text \<open>Coalescence G(u=v_1)P_{d_1+1}...(u=v_l)P_{d_l+1}: the vertex u is the common end
  vertex of all attached paths; the remaining vertices of the i-th path are Inr (i, j),
  1 <= j <= d i, where j is the distance from u along that path.\<close>
definition coal_V :: "'a set \<Rightarrow> nat \<Rightarrow> (nat \<Rightarrow> nat) \<Rightarrow> ('a + nat \<times> nat) set" where
  "coal_V V l d = Inl ` V \<union> {Inr (i, j) | i j. 1 \<le> i \<and> i \<le> l \<and> 1 \<le> j \<and> j \<le> d i}"

fun coal_E :: "('a \<Rightarrow> 'a \<Rightarrow> bool) \<Rightarrow> 'a \<Rightarrow> nat \<Rightarrow> (nat \<Rightarrow> nat)
    \<Rightarrow> ('a + nat \<times> nat) \<Rightarrow> ('a + nat \<times> nat) \<Rightarrow> bool" where
  "coal_E E u l d (Inl a) (Inl b) = E a b"
| "coal_E E u l d (Inl a) (Inr (i, j)) = (a = u \<and> 1 \<le> i \<and> i \<le> l \<and> j = 1 \<and> 1 \<le> d i)"
| "coal_E E u l d (Inr (i, j)) (Inl a) = (a = u \<and> 1 \<le> i \<and> i \<le> l \<and> j = 1 \<and> 1 \<le> d i)"
| "coal_E E u l d (Inr (i, j)) (Inr (i', j')) = (i = i' \<and> 1 \<le> i \<and> i \<le> l
      \<and> 1 \<le> j \<and> j \<le> d i \<and> 1 \<le> j' \<and> j' \<le> d i \<and> (j' = Suc j \<or> j = Suc j'))"

end

theory Submission
  imports Defs
begin

(* Closed walks of the coalescence H that stay in G are the images of the closed walks of G;
  for each i, the closed walks of H that enter the i-th attached path and no other one form a
  further class, and all these classes are pairwise disjoint.  Given a path
  xs!0 = u, ..., xs!c in G, the path P_{c+d_i+1} embeds into H as xs!c, ..., xs!0 = u followed
  by the i-th attached path; under this embedding every closed walk of P_{c+d_i+1} that is not
  a closed walk of its prefix P_{c+1} lands in the i-th class. *)

lemma finite_closed_walks:
  assumes "finite V"
  shows "finite (closed_walks V E k)"
proof (rule finite_subset)
  show "closed_walks V E k \<subseteq> {w. set w \<subseteq> V \<and> length w = Suc k}"
    unfolding closed_walks_def by auto
  show "finite {w. set w \<subseteq> V \<and> length w = Suc k}"
    using finite_lists_length_eq[OF assms] .
qed

lemma closed_walks_map:
  assumes "\<forall>x\<in>V. f x \<in> V'"
    and "\<forall>a\<in>V. \<forall>b\<in>V. E a b \<longrightarrow> E' (f a) (f b)"
    and "w \<in> closed_walks V E k"
  shows "map f w \<in> closed_walks V' E' k"
proof -
  have w: "length w = Suc k" "set w \<subseteq> V" "\<forall>i<k. E (w ! i) (w ! Suc i)" "w ! k = w ! 0"
    using assms(3) unfolding closed_walks_def by auto
  have "w ! i \<in> V" if "i \<le> k" for i
    using w(1,2) that nth_mem[of i w] by auto
  then have "\<forall>i<k. E' (map f w ! i) (map f w ! Suc i)"
    using assms(2) w(1,3) by simp
  then show ?thesis
    using w assms(1) unfolding closed_walks_def by auto
qed

lemma closed_walks_restrict:
  assumes "w \<in> closed_walks V' E' k"
    and "set w \<subseteq> V"
    and "\<forall>a\<in>V. \<forall>b\<in>V. E' a b \<longrightarrow> E a b"
  shows "w \<in> closed_walks V E k"
proof -
  have w: "length w = Suc k" "\<forall>i<k. E' (w ! i) (w ! Suc i)" "w ! k = w ! 0"
    using assms(1) unfolding closed_walks_def by auto
  have "w ! i \<in> V" if "i \<le> k" for i
    using w(1) assms(2) that nth_mem[of i w] by auto
  then have "\<forall>i<k. E (w ! i) (w ! Suc i)"
    using assms(3) w(2) by simp
  then show ?thesis
    using w assms(2) unfolding closed_walks_def by simp
qed

lemma inj_on_map_closed_walks:
  assumes "inj_on f V"
  shows "inj_on (map f) (closed_walks V E k)"
proof (rule inj_onI)
  fix w w' assume "w \<in> closed_walks V E k" "w' \<in> closed_walks V E k" "map f w = map f w'"
  moreover from this have "set w \<union> set w' \<subseteq> V"
    unfolding closed_walks_def by auto
  ultimately show "w = w'"
    using inj_on_map_eq_map inj_on_subset[OF assms] by blast
qed

lemma closed_walks_path_mono:
  assumes "m \<le> n"
  shows "closed_walks (path_V m) (path_E m) k \<subseteq> closed_walks (path_V n) (path_E n) k"
proof
  fix w assume "w \<in> closed_walks (path_V m) (path_E m) k"
  then have "map id w \<in> closed_walks (path_V n) (path_E n) k"
    by (rule closed_walks_map[rotated 2]) (use assms in \<open>auto simp: path_V_def path_E_def\<close>)
  then show "w \<in> closed_walks (path_V n) (path_E n) k" by simp
qed

lemma M_path_mono:
  assumes "m \<le> n"
  shows "M_path k m \<le> M_path k n"
  unfolding M_path_def M_def
  by (rule card_mono[OF finite_closed_walks closed_walks_path_mono[OF assms]])
    (simp add: path_V_def)

lemma closed_walk_leaves_path_prefix:
  assumes "w \<in> closed_walks (path_V n) (path_E n) k - closed_walks (path_V m) (path_E m) k"
  shows "\<exists>x\<in>set w. m \<le> x"
proof (rule ccontr)
  assume "\<not> (\<exists>x\<in>set w. m \<le> x)"
  then have "set w \<subseteq> path_V m" by (auto simp: path_V_def)
  moreover have "\<forall>a\<in>path_V m. \<forall>b\<in>path_V m. path_E n a b \<longrightarrow> path_E m a b"
    by (auto simp: path_V_def path_E_def)
  ultimately have "w \<in> closed_walks (path_V m) (path_E m) k"
    using assms closed_walks_restrict by blast
  then show False using assms by blast
qed

lemma coal_V_alt_def: "coal_V V l d = Inl ` V \<union> Inr ` (SIGMA i:{1..l}. {1..d i})"
  unfolding coal_V_def by auto

lemma finite_coal_V: "finite V \<Longrightarrow> finite (coal_V V l d)"
  unfolding coal_V_alt_def by auto

lemma coal_E_sym:
  assumes "\<And>a b. E a b \<Longrightarrow> E b a"
  shows "coal_E E u l d x y \<Longrightarrow> coal_E E u l d y x"
  using assms by (cases x; cases y) auto

definition walks_into_branch ::
    "'a set \<Rightarrow> ('a \<Rightarrow> 'a \<Rightarrow> bool) \<Rightarrow> 'a \<Rightarrow> nat \<Rightarrow> (nat \<Rightarrow> nat) \<Rightarrow> nat \<Rightarrow> nat
      \<Rightarrow> ('a + nat \<times> nat) list set" where
  "walks_into_branch V E u l d i k = {w \<in> closed_walks (coal_V V l d) (coal_E E u l d) k.
      (\<exists>j. Inr (i, j) \<in> set w) \<and> (\<forall>i' j. Inr (i', j) \<in> set w \<longrightarrow> i' = i)}"

lemma M_coal_ge_branches:
  assumes "finite V"
  shows "M k V E + (\<Sum>i=1..l. card (walks_into_branch V E u l d i k))
           \<le> M k (coal_V V l d) (coal_E E u l d)"
proof -
  define H where "H = closed_walks (coal_V V l d) (coal_E E u l d) k"
  define A0 :: "('a + nat \<times> nat) list set" where "A0 = map Inl ` closed_walks V E k"
  define A where "A i = walks_into_branch V E u l d i k" for i
  have "finite H"
    unfolding H_def using finite_closed_walks finite_coal_V assms by blast
  have "map Inl w \<in> H" if "w \<in> closed_walks V E k" for w
    unfolding H_def by (rule closed_walks_map[OF _ _ that]) (auto simp: coal_V_def)
  then have A0_H: "A0 \<subseteq> H"
    unfolding A0_def by blast
  have A_H: "A i \<subseteq> H" for i
    unfolding A_def H_def walks_into_branch_def by blast
  have "card A0 = M k V E"
    unfolding A0_def M_def by (simp add: card_image inj_on_map_closed_walks)
  have A0_A_disjoint: "A0 \<inter> A i = {}" for i
    unfolding A0_def A_def walks_into_branch_def by auto
  have A_A_disjoint: "A i \<inter> A j = {}" if "i \<noteq> j" for i j
    unfolding A_def walks_into_branch_def using that by blast
  have "finite A0" "\<And>i. finite (A i)"
    using \<open>finite H\<close> A0_H A_H finite_subset by blast+
  then have "card A0 + (\<Sum>i=1..l. card (A i)) = card A0 + card (\<Union>i\<in>{1..l}. A i)"
    using A_A_disjoint by (simp add: card_UN_disjoint)
  also have "\<dots> = card (A0 \<union> (\<Union>i\<in>{1..l}. A i))"
    using \<open>finite A0\<close> \<open>\<And>i. finite (A i)\<close> A0_A_disjoint
    by (intro card_Un_disjoint[symmetric]) auto
  also have "\<dots> \<le> card H"
    using \<open>finite H\<close> A0_H A_H by (intro card_mono) auto
  finally show ?thesis
    using \<open>card A0 = M k V E\<close> unfolding H_def A_def M_def by simp
qed

definition branch_path_embedding :: "'a list \<Rightarrow> nat \<Rightarrow> nat \<Rightarrow> nat \<Rightarrow> 'a + nat \<times> nat" where
  "branch_path_embedding xs c i m = (if m \<le> c then Inl (xs ! (c - m)) else Inr (i, m - c))"

lemma inj_branch_path_embedding:
  assumes "distinct xs" and "c < length xs"
  shows "inj (branch_path_embedding xs c i)"
proof (rule injI)
  fix a b assume eq: "branch_path_embedding xs c i a = branch_path_embedding xs c i b"
  show "a = b"
  proof (cases "a \<le> c \<and> b \<le> c")
    case True
    then have "c - a = c - b"
      using eq assms nth_eq_iff_index_eq by (fastforce simp: branch_path_embedding_def)
    then show ?thesis using True by linarith
  qed (use eq in \<open>auto simp: branch_path_embedding_def split: if_splits\<close>)
qed

lemma branch_path_embedding_closed_walk:
  assumes "\<And>a b. E a b \<Longrightarrow> E b a"
    and "c < length xs" and "set xs \<subseteq> V" and "xs ! 0 = u"
    and "\<forall>j. Suc j < length xs \<longrightarrow> E (xs ! j) (xs ! Suc j)"
    and "i \<in> {1..l}"
    and "w \<in> closed_walks (path_V (c + d i + 1)) (path_E (c + d i + 1)) k"
  shows "map (branch_path_embedding xs c i) w \<in> closed_walks (coal_V V l d) (coal_E E u l d) k"
proof (rule closed_walks_map[OF _ _ assms(7)])
  let ?f = "branch_path_embedding xs c i"
  have xs_V: "xs ! j \<in> V" if "j \<le> c" for j
    using assms(2,3) that nth_mem[of j xs] by auto
  show "\<forall>m\<in>path_V (c + d i + 1). ?f m \<in> coal_V V l d"
    using assms(6) xs_V by (auto simp: branch_path_embedding_def path_V_def coal_V_def)
  have step: "coal_E E u l d (?f m) (?f (Suc m))" if "Suc m < c + d i + 1" for m
  proof -
    consider "Suc m \<le> c" | "m = c" | "c < m" by linarith
    then show ?thesis
    proof cases
      case 1
      then have "Suc (c - Suc m) = c - m" and "c - m < length xs"
        using assms(2) by linarith+
      then have "E (xs ! (c - Suc m)) (xs ! (c - m))"
        using assms(5) by metis
      then show ?thesis using 1 assms(1) by (simp add: branch_path_embedding_def)
    qed (use that assms(4,6) in \<open>auto simp: branch_path_embedding_def\<close>)
  qed
  show "\<forall>a\<in>path_V (c + d i + 1). \<forall>b\<in>path_V (c + d i + 1).
          path_E (c + d i + 1) a b \<longrightarrow> coal_E E u l d (?f a) (?f b)"
  proof (intro ballI impI)
    fix a b assume "path_E (c + d i + 1) a b"
    then consider "b = Suc a" "Suc a < c + d i + 1" | "a = Suc b" "Suc b < c + d i + 1"
      by (auto simp: path_E_def)
    then show "coal_E E u l d (?f a) (?f b)"
      by cases (use step coal_E_sym[of E, OF assms(1)] in blast)+
  qed
qed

Exercise description — Bring together all lines in the records where the word "intro" is found.

Solution below —
    by (intro card_Un_disjoint[symmetric]) auto
    using \<open>finite H\<close> A0_H A_H by (intro card_mono) auto
  proof (intro ballI impI)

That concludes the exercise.